───── Provided data

(* Suppose Assumptions 1–4 hold and $p$ is convex. Let $\mathbf{x}^S$ be a social optimum and $\mathbf{x}^P$ a monopoly output, with $X^S=\sum_n x_n^S$, $X^P=\sum_n x_n^P$. (a) If $p(X^P)=p(X^S)$, then $\gamma(\mathbf{x}^P)=1$. (b) If $p(X^P)\ne p(X^S)$, then $p$ is differentiable at $X^P$; letting $c=|p'(X^P)|$, $d=\left|\dfrac{p(X^S)-p(X^P)}{X^S-X^P}\right|$ and $\overline c=c/d$, we have $\overline c\ge1$ and $\gamma(\mathbf{x}^P)\ge\dfrac{3}{3+\overline c}$. (c) The bound is tight at $\overline c=1$: there exists a model satisfying these hypotheses with $\overline c=1$ and a monopoly output whose efficiency is exactly $3/4$.
   Context: Cournot model: $N$ suppliers, inverse demand $p:[0,\infty)\to[0,\infty)$, supplier $n$ has cost $C_n:[0,\infty)\to[0,\infty)$ and chooses $x_n\ge0$; $X=\sum_n x_n$. $C_n'(0)$ is the right derivative at $0$. Assumption 1: each $C_n$ is convex, continuous, nondecreasing on $[0,\infty)$, continuously differentiable on $(0,\infty)$, with $C_n(0)=0$. Assumption 2: $p$ is continuous, nonnegative, nonincreasing, $p(0)>0$; its right derivative at $0$ exists and at every $q>0$ its left and right derivatives exist. Assumption 3: there exists $R>0$ such that $p(R)\le\min_n C_n'(0)$. Assumption 4: $p(0)>\min_n C_n'(0)$. A monopoly output is an optimal solution $\mathbf{x}^P$ of $\max_{\mathbf{x}\ge0}\ p\!\left(\sum_n x_n\right)\sum_n x_n-\sum_n C_n(x_n)$ (maximum total profit of all suppliers colluding). Social welfare of $\mathbf{x}\ge0$: $W(\mathbf{x})=\int_0^X p(q)\,dq-\sum_{n=1}^N C_n(x_n)$; a social optimum $\mathbf{x}^S$ maximizes $W$. Efficiency: $\gamma(\mathbf{x})=W(\mathbf{x})/W(\mathbf{x}^S)$. *)

theory Defs
  imports "HOL-Analysis.Analysis"
begin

──────────

Repeat only the lines starting at the one that contains "theory Defs" and ending at the last line above, exactly as written.

• **Solution for this problem**
theory Defs
  imports "HOL-Analysis.Analysis"
begin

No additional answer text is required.